Kevin first addresses why you should avoid gaps altogether. It’s always better to make sure your fit is right, with straight lines, smooth cuts and tight joints, getting your fit up and prep done first. He explains that a tight fit leads to a good weld structurally. That’s not as important, perhaps, with something like art, but if you are building buildings or bridges, for example, it has to be a good joint. The weld will be X-rayed and inspected for soundness, porosity, gaps, etc. The space in a gap lets air come up and cause porosity because you’re super-heating the air above and below the gap and have a puddle of molten metal that pulls the air up through the gap and into the weld. By not having a good, tight joint, you’re causing more problems for yourself. Kevin says a good fit is just part of being a good welder.
Regardless, Kevin shows you how to fill a gap. He sets up two pieces of 1/4″ plate with a V-gap, with one end fairly close and the other end wide. Again, he emphasizes that this is for aesthetic, not structural welding.
Using Longevity’s ProMTS 200 because he loves the MIG welder in it, Kevin first gives the metal a few tacks so the steel won’t move. Next he’s ready to run a welding bead. He’s got the MIG welder set at 23 volts for weld tacking, so he’s going to turn it down a little to 21.5, but leave the wire feed as it is at 147. Kevin reminds us that, with this machine, that doesn’t mean 147 inches a minute (he’s not sure how Longevity measures wire speed), but it’s about two-thirds of the way up.

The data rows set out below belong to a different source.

lemma circle_mean_log_gt:
  assumes b: "1 < b" and P: "0 < P"
  shows "log b (1 + (cmod s)\<^sup>2 * P) < circle_mean (\<lambda>z. log b (1 + (cmod z)\<^sup>2 * P)) s"
proof -
  obtain T w where T: "1 + (cmod s)\<^sup>2 * P < T" and w: "cmod w < 1"
    and factor: "\<And>t. 1 + (cmod (s + cis t))\<^sup>2 * P = T * (cmod (1 + w * cis t))\<^sup>2"
    using one_plus_norm_add_cis_sq_factor[OF P] by blast
  have pos: "0 < 1 + (cmod s)\<^sup>2 * P"
    using P by (simp add: add_pos_nonneg)
  define S where "S = {z. cmod (w * z) < 1}"
  have Re_pos: "0 < Re (1 + w * z)" if "z \<in> S" for z
    using that abs_Re_le_cmod[of "w * z"] by (simp add: S_def)
  define g where "g z = of_real (log b T) + of_real (2 / ln b) * Ln (1 + w * z)" for z
  have "1 + w * z \<notin> \<real>\<^sub>\<le>\<^sub>0" if "z \<in> S" for z
    using Re_pos[OF that] by (auto simp: complex_nonpos_Reals_iff)
  then have "g holomorphic_on S"
    unfolding g_def by (intro holomorphic_intros)
  moreover have "open S"
    unfolding S_def by (intro open_Collect_less continuous_intros)
  moreover have "cball 0 1 \<subseteq> S"
    using w by (auto simp: S_def norm_mult intro: le_less_trans[OF mult_left_le])
  ultimately have mean: "(\<integral>t. Re (g (cis t)) \<partial>uniform_angle) = Re (g 0)"
    by (rule integral_uniform_angle_Re_holomorphic)
  have "log b (1 + (cmod (s + cis t))\<^sup>2 * P) = Re (g (cis t))" for t
  proof -
    have "0 < Re (1 + w * cis t)"
      by (rule Re_pos) (use w in \<open>simp add: S_def norm_mult\<close>)
    then have "1 + w * cis t \<noteq> 0"
      by (metis zero_complex.sel(1) less_irrefl)
    have "log b (1 + (cmod (s + cis t))\<^sup>2 * P) = log b (T * (cmod (1 + w * cis t))\<^sup>2)"
      by (simp add: factor)
    also have "\<dots> = log b T + 2 * log b (cmod (1 + w * cis t))"
      using T pos \<open>1 + w * cis t \<noteq> 0\<close> by (simp add: log_mult log_nat_power)
    also have "\<dots> = Re (g (cis t))"
      using \<open>1 + w * cis t \<noteq> 0\<close> by (simp add: g_def log_def)
    finally show ?thesis .
  qed
  then have "circle_mean (\<lambda>z. log b (1 + (cmod z)\<^sup>2 * P)) s = log b T"
    using mean by (simp add: circle_mean_def g_def)
  then show ?thesis
    using T pos b by simp
qed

Before Kevin starts welding, though, he addresses whether you can just run your bead from one end to the other. He explains he wouldn’t. Because of the gap, he’s found that if you try to just run a bead from one end to the other, one piece of metal will move away as you are welding, so the gap actually widens. Kevin says it’s best to tack it on one end, tack it on the other, then he likes to hopscotch back and forth. He’ll tack it in the middle, then run a short bead between two of the tacks, then go to another area and run a bead between two other tacks, etc., just filling it in as he works his way out. That helps spread out the heat more evenly and reduces warpage on thinner metals as well as prevents blow-outs. Kevin then runs the bead.
He says that that voltage worked well as he filled in the sections between the tacks. He also wove back and forth to fill in larger areas, “stealing” a little metal from each side of the gap. Then Kevin shows the first weld at 21.5 volts and another at 21.2. From the back you can see that both welds got good penetration all the way through.
A couple of other ways to fill gaps include straightening a coathanger and laying it inside the gap, getting a piece of thick copper -1/8″ or 1/4″ preferred – and using it as a backer because the steel won’t stick to the copper. You can clamp or prop the copper, which gives the molten steel something to run up against as you are welding. Depending upon your design, you could even back it with another piece of steel and just weld it in.